Baumann plays folk tunes, pure and simple: they’re the sort of songs that could be played a century ago or a century in the future and be pretty recognizable. Those barebones arrangements leave nowhere to hide, but Baumann doesn’t need to cover anything up. His evocative baritone deftly conveys nuanced emotion, and he varies his strum patterns enough to make these four songs quite distinct from each other.

The insistent strum pattern of highlight track “Lonely Country” gives the tune a forward motion that beautifully matches the lyrical theme of interstate travel, while the cascading banjo plucking of “This Revolver” provides a fitting backdrop for the smooth, mournful vocals. After a pretty intro, “Better to Be” takes the focus off the strummed instrument and puts in on the poetic, Dylan-esque lyrics.
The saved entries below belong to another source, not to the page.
lemma connected_remove_cycle_edge:
  assumes c: "cycle_list V E c"
  shows "connected_graph V (E - {{last c, hd c}})"
  unfolding connected_graph_def
proof (intro conjI ballI)
  let ?T = "E - {{last c, hd c}}"
  show "simple_graph V ?T"
    using connected by (auto simp: connected_graph_def simple_graph_def)
  have closing: "reach V ?T (last c) (hd c)"
    using reach_sym[OF reach_walk_hd_last[OF walk_cycle_list[OF c]]] .
  fix u v
  assume "u \<in> V" "v \<in> V"
  show "reach V ?T u v"
  proof (rule reach_propagate[OF reach_all[OF \<open>u \<in> V\<close> \<open>v \<in> V\<close>], where P = "reach V ?T u"])
    show "reach V ?T u u"
      using \<open>u \<in> V\<close> by (rule reach_refl)
    fix a b
    assume ab: "{a, b} \<in> E" "reach V ?T u a"
    have "reach V ?T a b"
    proof (cases "{a, b} = {last c, hd c}")
      case True
      then show ?thesis
        using closing reach_sym by (metis doubleton_eq_iff)
    next
      case False
      then show ?thesis
        using ab(1) edge_subset[OF ab(1)] by (intro reach_edge) auto
    qed
    with ab(2) show "reach V ?T u b"
      by (rule reach_trans)
  qed
qed

lemma odd_cycle_edge_parity:
  assumes unicyclic: "card E = card V" and c: "cycle_list V E c" and odd: "odd (length c)"
    and e: "e \<in> cycle_edges c" and ab: "{a, b} \<in> E" "{a, b} \<noteq> e"
  shows "odd (edist_v V E e a + edist_v V E e b)"
proof -
  obtain c' where c': "cycle_list V E c'" "length c' = length c" "e = {last c', hd c'}"
    using cycle_list_rotate_to_edge[OF c e] by blast
  let ?T = "E - {e}"
  have eE: "e \<in> E"
    using c e by (auto simp: cycle_list_def)
  have root: "hd c' \<in> V"
    using c'(1) by (cases c') (auto simp: cycle_list_def)
  interpret T: conn_graph V ?T
    using connected_remove_cycle_edge[OF c'(1)] c'(3) by unfold_locales simp
  have "0 < card E"
    using finite_E eE card_gt_0_iff by blast
  then have "card ?T + 1 = card V"
    using unicyclic card_Diff_singleton[OF eE] by linarith
  note tree = T.tree_distance_parity[OF this root]
  let ?\<delta> = "gdist V ?T (hd c')"
  have endpoints_even: "even (?\<delta> z)" if "z \<in> e" for z
  proof -
    have "?\<delta> (hd c') = 0"
      using root by (rule T.gdist_self)
    moreover have "odd (length c' + ?\<delta> (hd c') + ?\<delta> (last c'))"
      using walk_length_parity[where f = ?\<delta>, OF walk_cycle_list[OF c'(1)] tree] c'(3) by simp
    ultimately show ?thesis
      using that c'(2,3) odd by auto
  qed
  have same_parity: "even (edist_v V E e k + ?\<delta> k)" if k: "k \<in> V" for k
  proof -
    obtain p where p: "walk V ?T p" "hd p = k" "last p \<in> e" "length p = Suc (edist_v V E e k)"
      using shortest_walk_to_edge[OF eE k] by blast
    show ?thesis
      using walk_length_parity[where f = ?\<delta>, OF p(1) tree] p endpoints_even[OF p(3)] by simp
  qed
  have "odd (?\<delta> a + ?\<delta> b)"
    using tree ab by simp
  moreover have "a \<in> V" "b \<in> V"
    using edge_subset[OF ab(1)] by auto
  ultimately show ?thesis
    using same_parity[of a] same_parity[of b] by presburger
qed

lemma reach_cycle_avoiding_cycle_edges:
  assumes c: "cycle_list V E c" and k: "k \<in> V"
  shows "\<exists>s\<in>set c. reach V (E - Pow (set c)) k s"
proof -
  have "c \<noteq> []" "set c \<subseteq> V"
    using c by (auto simp: cycle_list_def)
  then have "hd c \<in> set c" "set c \<subseteq> V"
    by simp_all
  moreover from this obtain p where "walk V E p" "hd p = k" "last p = hd c"
    using reach_all[OF k, of "hd c"] unfolding reach_def by blast
  ultimately show ?thesis
    using reach_first_hit[of V E p "set c"] by simp
qed

lemma reach_cycle_edge_endpoint:
  assumes c: "cycle_list V E c" and ei: "ei \<in> cycle_edges c" and ej: "ej \<in> cycle_edges c"
    and ne: "ei \<noteq> ej" and k: "k \<in> V"
  shows "\<exists>y\<in>ei. reach V (E - {ei, ej}) k y"
proof -
  obtain c' where c': "cycle_list V E c'" "cycle_edges c' = cycle_edges c" "ei = {last c', hd c'}"
    using cycle_list_rotate_to_edge[OF c ei] by blast
  obtain s where s: "s \<in> set c'" "reach V (E - Pow (set c')) k s"
    using reach_cycle_avoiding_cycle_edges[OF c'(1) k] by blast
  have "c' \<noteq> []"
    using c'(1) by (auto simp: cycle_list_def)
  then have "ei \<subseteq> set c'" "ej \<subseteq> set c'"
    using Union_cycle_edges ei ej c'(2) by blast+
  then have "E - Pow (set c') \<subseteq> E - {ei, ej}"
    by blast
  with s(2) have "reach V (E - {ei, ej}) k s"
    by (rule reach_mono)
  moreover have "ej \<in> cycle_edges c'" "ej \<noteq> {last c', hd c'}"
    using ej ne c'(2,3) by simp_all
  then obtain y where "y \<in> ei" "reach V (E - {ei, ej}) s y"
    using reach_along_cycle_to_closing_edge[OF c'(1) _ _ s(1)] c'(3) by blast
  ultimately show ?thesis
    by (blast intro: reach_trans)
qed

lemma odd_cycle_parity_reach:
  assumes unicyclic: "card E = card V" and c: "cycle_list V E c" and odd: "odd (length c)"
    and ei: "ei \<in> cycle_edges c" and ej: "ej \<in> cycle_edges c"
    and ab: "reach V (E - {ei, ej}) a b"
  shows "(edist_v V E ei a + edist_v V E ej a) mod 2 = (edist_v V E ei b + edist_v V E ej b) mod 2"
proof (rule reach_propagate[OF ab])
  fix x y
  assume xy: "{x, y} \<in> E - {ei, ej}"
  then have "odd (edist_v V E ei x + edist_v V E ei y)" "odd (edist_v V E ej x + edist_v V E ej y)"
    using odd_cycle_edge_parity[OF unicyclic c odd] ei ej by auto
  moreover assume "(edist_v V E ei a + edist_v V E ej a) mod 2 = (edist_v V E ei x + edist_v V E ej x) mod 2"
  ultimately show "(edist_v V E ei a + edist_v V E ej a) mod 2 = (edist_v V E ei y + edist_v V E ej y) mod 2"
    by presburger
qed simp
(* Let $F$ be a digraph and let $a$ be an arc of $F$. If $F-a$ is $\vec{\chi}$-maderian, then $F$ is $\vec{\chi}$-maderian and $\mathrm{mad}_{\vec{\chi}}(F)\le 4\cdot\mathrm{mad}_{\vec{\chi}}(F-a)-3$.
   Context: $\vec{\chi}(D)$, the dichromatic number, is the least $k$ such that $V(D)$ can be partitioned into $k$ sets each inducing an acyclic subdigraph. A subdivision of $F$ is obtained by replacing each arc $(x,y)$ by a directed $(x,y)$-path, internally disjoint with new internal vertices. $F$ is $\vec{\chi}$-maderian if there is an integer $c$ such that every digraph $D$ with $\vec{\chi}(D)\ge c$ contains a subdivision of $F$ as a subdigraph; $\mathrm{mad}_{\vec{\chi}}(F)$ is the least such $c$. *)

theory Defs
  imports Main
begin

text \<open>A (finite, loopless) digraph is a pair (V, A) of a vertex set and an arc set
  A \<subseteq> V \<times> V without loops. Digons (opposite arcs) are allowed, parallel arcs are not.\<close>

type_synonym 'a digraph = "'a set \<times> ('a \<times> 'a) set"

definition verts :: "'a digraph \<Rightarrow> 'a set" where "verts D = fst D"
definition arcs :: "'a digraph \<Rightarrow> ('a \<times> 'a) set" where "arcs D = snd D"

definition is_digraph :: "'a digraph \<Rightarrow> bool" where
  "is_digraph D \<longleftrightarrow> finite (verts D) \<and> arcs D \<subseteq> verts D \<times> verts D
     \<and> (\<forall>x. (x, x) \<notin> arcs D)"

definition del_arc :: "'a digraph \<Rightarrow> 'a \<times> 'a \<Rightarrow> 'a digraph" where
  "del_arc D a = (verts D, arcs D - {a})"

definition induces_acyclic :: "'a digraph \<Rightarrow> 'a set \<Rightarrow> bool" where
  "induces_acyclic D S \<longleftrightarrow> acyclic (arcs D \<inter> (S \<times> S))"
(* Let $f\colon\mathbb{N}\to\mathbb{N}$ be a growth function and let $K,d$ be positive integers. Then there exist $\varepsilon>0$ and $K'\in\mathbb{N}$ such that the following holds. For any collection $\mathcal{F}_1,\dots,\mathcal{F}_n$ of degree-$d$ factors (over a common $\mathbb{F}_2^m$) with $|\mathcal{F}_i|\le K$ for all $i$, there is a sub-collection $\mathcal{F}_{\pi(1)},\dots,\mathcal{F}_{\pi(w)}$ (distinct indices $\pi(1),\dots,\pi(w)$) of size $w\ge n^{\varepsilon}$ and degree-$d$ factors $\mathcal{G}_1,\dots,\mathcal{G}_w$ such that: (1) for every $i$, $\mathcal{G}_i$ is a refinement of $\mathcal{F}_{\pi(i)}$; (2) for every $i$, $|\mathcal{G}_i|\le K'$; (3) for every $i,j$, the factor $\mathcal{G}_i\cup\mathcal{G}_j$ is $f$-regular; (4) the factors $\mathcal{G}_1,\dots,\mathcal{G}_w$ (viewed as sets of polynomials) form a sunflower.
   Context: A growth function is a non-decreasing $f\colon\mathbb{N}\to\mathbb{N}$ with $f(r)\ge r$ for all $r$. A degree-$d$ factor is a finite set $\mathcal{F}=\{P_1,\dots,P_K\}$ of polynomials $\mathbb{F}_2^m\to\mathbb{F}_2$ of degree at most $d$; $|\mathcal{F}|=K$ is its dimension. For $P$ not identically zero and $\ell\ge1$, $\operatorname{rank}_{\ell}(P)$ is the smallest positive integer $k$ with $P=\Gamma(Q_1,\dots,Q_k)$ for polynomials $Q_j$ of degree at most $\ell$ and some $\Gamma\colon\mathbb{F}_2^k\to\mathbb{F}_2$. A factor is $r$-regular if for every nonzero $(\lambda_1,\dots,\lambda_K)\in\mathbb{F}_2^K$, $\operatorname{rank}_{\ell-1}(\sum_i\lambda_iP_i)>r$ where $\ell=\max_i\deg(\lambda_iP_i)$; it is $f$-regular if it is $f(K)$-regular; the empty factor is regarded as regular for every parameter. $\mathcal{G}=\{Q_1,\dots,Q_{K'}\}$ refines $\mathcal{F}=\{P_1,\dots,P_K\}$ if there is $\Gamma\colon\mathbb{F}_2^{K'}\to\mathbb{F}_2^K$ with $(P_1,\dots,P_K)=\Gamma(Q_1,\dots,Q_{K'})$ as functions. A collection of (possibly repeated, possibly empty) sets $V_1,\dots,V_w$ is a sunflower if, with $C=\bigcap_iV_i$, one has $V_i\cap V_j=C$ for all $i\ne j$. *)

theory Defs
  imports Complex_Main "HOL-Library.Extended_Nat"
begin
(* Fix $L\in\mathbb Z$ and work on $Y_L=\mathbb R\times(0,2^L]\times\mathbb R$ with the objects described in the context. The quadruple $(Y_L,\mu,\nu,\mathcal C)$, where $\mathcal C(A)=\mathcal M(\mathcal N(\mathcal Q(A)))$ and $\mathcal E=\mathcal D_L$, satisfies the canopy condition for every choice of parameters $\Phi,K\ge2$.
   Context: Dyadic intervals $I(m,l)=(2^lm,2^l(m+1)]$; tiles $H(m,l,n)=I(m,l)\times(2^{l-1},2^l]\times I(n,-l)$. $\mathcal D_L$ = strips $D(m,l)=I(m,l)\times(0,2^l]\times\mathbb R$ with $l\le L$, $\sigma(D(m,l))=2^l$. $\mathcal T_L$ = trees $T(m,l,n)=\bigcup_{l'\le l}\bigcup_{m':\,I(m',l')\subseteq I(m,l)}H(m',l',N(n,l'))$ with $l\le L$ ($N(n,l')$ the integer with $I(n,-l)\subseteq I(N(n,l'),-l')$), $\tau(T(m,l,n))=2^l$. Outer measures on $Y_L$: $\mu(A)=\inf\{\sum_{S\in\mathcal S'}\sigma(S):\mathcal S'\subseteq\mathcal D_L,A\subseteq\bigcup\mathcal S'\}$, $\nu$ likewise from $(\mathcal T_L,\tau)$. $\pi$ = projection onto first coordinate, $|\cdot|$ Lebesgue measure. For $E\in\mathcal D_L$, $E_+=\{(x,s,\xi)\in E:s>\sigma(E)/2\}$. $\mathcal Q(A)=\{E\in\mathcal D_L:E_+\cap A\ne\varnothing\}$. For $\mathcal D_1\subseteq\mathcal D_L$: $\mathcal N(\mathcal D_1)=\{E\in\mathcal D_L:|\pi(E)\cap\pi(\bigcup\mathcal D_1)|\ge|\pi(E)|/2\}$; $\mathcal M(\mathcal D_1)$ = elements of $\mathcal D_1$ maximal under inclusion. $\mathbf B_{\mathcal C}(A)=\bigcup_{E\in\mathcal C(A)}E$. A $\mu$-covering function with parameter $\Phi$: a map $\mathcal C$ assigning to each $A$ a subcollection of pairwise disjoint elements of $\mathcal E$ with $A\subseteq\mathbf B_{\mathcal C}(A)$, $\mu(\mathbf B_{\mathcal C}(A))\le\Phi\mu(A)$, $\mathbf B_{\mathcal C}$ monotone. A collection $\mathcal A$ of pairwise disjoint sets is $\nu$-Carathéodory (parameter $K$) if $\sum_{A\in\mathcal A}\nu(U\cap A)\le K\nu(U\cap\bigcup\mathcal A)$ for all $U$. Canopy condition (parameters $\Phi,K$): $\mathcal C$ is a $\mu$-covering function with parameter $\Phi$, and for every $\nu$-Carathéodory collection $\mathcal A$ (parameter $K$) and every $D$ disjoint from $\mathbf B_{\mathcal C}(\bigcup_{A\in\mathcal A}A)$, $\mathcal A\cup\{D\}$ is $\nu$-Carathéodory (parameter $K$). *)

theory Defs
  imports "HOL-Analysis.Analysis"
begin
lemma smooth_operator_maximizing_subseq_converges:
  fixes T :: "'a::real_normed_vector \<Rightarrow>\<^sub>L 'b::real_normed_vector" and y :: "nat \<Rightarrow> 'a"
  assumes "reflexive_space TYPE('a)" "smooth_space TYPE('a)" "smooth_space TYPE('b)"
    and "kadets_klee TYPE('a)" "smooth_operator T"
    and "\<And>n. norm (y n) = 1" "(\<lambda>n. norm (T (y n))) \<longlonglongrightarrow> 1"
  obtains r x where "strict_mono r" "norm x = 1" "norm (T x) = 1" "(\<lambda>n. y (r n)) \<longlonglongrightarrow> x"
proof -
  have T: "compact_op T" "norm T = 1"
    using assms(5) unfolding smooth_operator_def by auto
  obtain r x where r: "strict_mono r" and x: "norm x = 1" "norm (T x) = 1"
    and lim: "(\<lambda>n. T (y (r n))) \<longlonglongrightarrow> T x"
    using compact_op_maximizing_subseq[OF assms(1-3) T assms(6,7)] by blast
  have "weakly_converges (\<lambda>n. y (r n)) x"
  proof (rule weakly_converges_if_unique_cluster[OF assms(1,2)])
    fix r' x'
    assume r': "strict_mono r'" and x': "norm x' \<le> 1" "weakly_clusters_at (\<lambda>n. y (r (r' n))) x'"
    have Tx': "T x' = T x"
      using blinfun_apply_weak_cluster[OF assms(3) x'(2)] LIMSEQ_subseq_LIMSEQ[OF lim r']
      by (simp add: o_def)
    then have "norm x' = 1"
      using norm_blinfun[of T x'] T(2) x' x by simp
    then have "x' = x \<or> x' = - x"
      using smooth_operator_norm_attainment_pm[OF assms(2,3,5) x] Tx' x(2) by simp
    moreover have "x' \<noteq> - x"
    proof
      assume "x' = - x"
      then have "- T x = T x"
        using Tx' by (simp add: blinfun.minus_right)
      then have "(2::real) *\<^sub>R T x = 0"
        by (metis add.right_inverse scaleR_2)
      with x(2) show False
        by simp
    qed
    ultimately show "x' = x"
      by blast
  qed (use assms(6) in simp)
  then have "(\<lambda>n. y (r n)) \<longlonglongrightarrow> x"
    using assms(4,6) x(1) unfolding kadets_klee_def by simp
  with r x show ?thesis
    using that by blast
qed

lemma smooth_operator_norm_gap:
  fixes T :: "'a::real_normed_vector \<Rightarrow>\<^sub>L 'b::real_normed_vector"
  assumes "reflexive_space TYPE('a)" "smooth_space TYPE('a)" "smooth_space TYPE('b)"
    and "kadets_klee TYPE('a)" "smooth_operator T"
    and x: "norm x = 1" "norm (T x) = 1" and "\<rho> > 0"
  obtains \<eta> where "\<eta> > 0"
    "\<And>y. norm y = 1 \<Longrightarrow> \<rho> \<le> dist y x \<Longrightarrow> \<rho> \<le> dist y (- x) \<Longrightarrow> norm (T y) \<le> 1 - \<eta>"
proof (rule ccontr)
  assume "\<not> thesis"
  then have "\<exists>y. (norm y = 1 \<and> \<rho> \<le> dist y x \<and> \<rho> \<le> dist y (- x)) \<and>
      1 - inverse (real (Suc n)) < norm (T y)" for n
    using that[of "inverse (real (Suc n))"] by (meson inverse_positive_iff_positive not_le
        of_nat_0_less_iff zero_less_Suc)
  then obtain y where y: "\<And>n. norm (y n) = 1" "\<And>n. \<rho> \<le> dist (y n) x" "\<And>n. \<rho> \<le> dist (y n) (- x)"
    "\<And>n. 1 - inverse (real (Suc n)) < norm (T (y n))"
    by metis
  have "norm T = 1"
    using assms(5) unfolding smooth_operator_def by auto
  then have "(\<lambda>n. norm (T (y n))) \<longlonglongrightarrow> 1"
    using tendsto_one_if_nearly_norming y(1,4) by blast
  then obtain r x1 where x1: "norm x1 = 1" "norm (T x1) = 1" and lim: "(\<lambda>n. y (r n)) \<longlonglongrightarrow> x1"
    using smooth_operator_maximizing_subseq_converges[where y=y, OF assms(1-5) y(1)] by blast
  then obtain n where "dist (y (r n)) x1 < \<rho>"
    using \<open>\<rho> > 0\<close> unfolding LIMSEQ_def by blast
  moreover have "x1 = x \<or> x1 = - x"
    using smooth_operator_norm_attainment_pm[OF assms(2,3,5) x x1] .
  ultimately show False
    using y(2,3)[of "r n"] by auto
qed
lemma r_stirling_Suc_0:
  assumes "r \<ge> 1"
  shows "r_stirling r (Suc n) 0 = r * r_stirling r n 0"
proof -
  obtain q where r: "r = Suc q"
    using assms by (cases r) auto
  have "separating_partitions {1..n+r} {1..r} q = {}"
    by (rule separating_partitions_too_few_blocks) (auto simp: r)
  moreover have "{1..Suc n + r} = insert (Suc n + r) {1..n+r}"
    by auto
  ultimately show ?thesis
    unfolding r_stirling_eq_card_separating_partitions
    by (simp add: r card_separating_partitions_insert)
qed

lemma r_stirling_Suc_Suc:
  "r_stirling r (Suc n) (Suc k) = r_stirling r n k + (Suc k + r) * r_stirling r n (Suc k)"
proof -
  have "{1..Suc n + r} = insert (Suc n + r) {1..n+r}"
    by auto
  then show ?thesis
    unfolding r_stirling_eq_card_separating_partitions
    by (simp add: card_separating_partitions_insert)
qed

lemma sum_r_stirling_Suc:
  fixes f :: "nat \<Rightarrow> 'a::comm_semiring_1"
  assumes "r \<ge> 1"
  shows "(\<Sum>k\<le>Suc n. of_nat (r_stirling r (Suc n) k) * f k) =
    (\<Sum>k\<le>n. of_nat (r_stirling r n k) * (f (Suc k) + of_nat (k + r) * f k))"
proof -
  let ?S = "\<lambda>k. of_nat (r_stirling r n k) :: 'a"
  have "(\<Sum>k\<le>Suc n. of_nat (r_stirling r (Suc n) k) * f k) =
      of_nat r * ?S 0 * f 0 + (\<Sum>k\<le>n. (?S k + of_nat (Suc k + r) * ?S (Suc k)) * f (Suc k))"
    unfolding sum.atMost_Suc_shift by (simp add: r_stirling_Suc_0[OF assms] r_stirling_Suc_Suc algebra_simps)
  also have "\<dots> = (\<Sum>k\<le>n. ?S k * f (Suc k)) + (\<Sum>k\<le>Suc n. of_nat (k + r) * ?S k * f k)"
    unfolding sum.atMost_Suc_shift by (simp add: sum.distrib algebra_simps)
  also have "(\<Sum>k\<le>Suc n. of_nat (k + r) * ?S k * f k) = (\<Sum>k\<le>n. of_nat (k + r) * ?S k * f k)"
    by (simp add: r_stirling_eq_0)
  finally show ?thesis
    by (simp add: sum.distrib algebra_simps)
qed

lemma alternating_derangement_Suc:
  "(-1) ^ Suc p * int (derangement (Suc p)) + int (Suc p) * ((-1) ^ p * int (derangement p)) = 1"
  by (cases "even p") (simp_all add: derangement_Suc algebra_simps)

theorem corollary1:
  fixes n r :: nat
  assumes "n \<ge> 1" and "r \<ge> 1"
  shows "(\<Sum>k=0..n. int (r_stirling r n k) * (-1) ^ (k + r - 1) * int (derangement (k + r - 1)))
         = int (r_bell (n - 1) r)"
proof -
  obtain m where n: "n = Suc m"
    using assms(1) by (cases n) auto
  define f where "f k = (-1) ^ (k + r - 1) * int (derangement (k + r - 1))" for k
  have f_step: "f (Suc k) + int (k + r) * f k = 1" for k
  proof -
    have "k + r = Suc (k + r - 1)"
      using assms(2) by simp
    then show ?thesis
      unfolding f_def using alternating_derangement_Suc[of "k + r - 1"] by simp
  qed
  have "(\<Sum>k=0..n. int (r_stirling r n k) * (-1) ^ (k + r - 1) * int (derangement (k + r - 1)))
      = (\<Sum>k\<le>Suc m. int (r_stirling r (Suc m) k) * f k)"
    unfolding n f_def atLeast0AtMost by (simp add: mult.assoc)
  also have "\<dots> = (\<Sum>k\<le>m. int (r_stirling r m k))"
    using sum_r_stirling_Suc[OF assms(2), of m f] f_step by simp
  also have "\<dots> = int (r_bell (n - 1) r)"
    unfolding r_bell_def n by simp
  finally show ?thesis .
qed

end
The title track even includes the squeak of fingers against strings; in such a stark environment, the consistent sound counts as a mood-making element in the tune.

Wild Spaces is another incredible four-song EP from Wolfcryer. Baumann is in a groove right now, turning out raw, passionate folk songs that strike all sorts of nerves. If you’re into evocative vocalists, poetic lyricists, or thoughtful guitar-players (which is to say, if you like any part of singer/songwritering done well), then you’ll be into Wild Spaces. Watch for this project in 2014.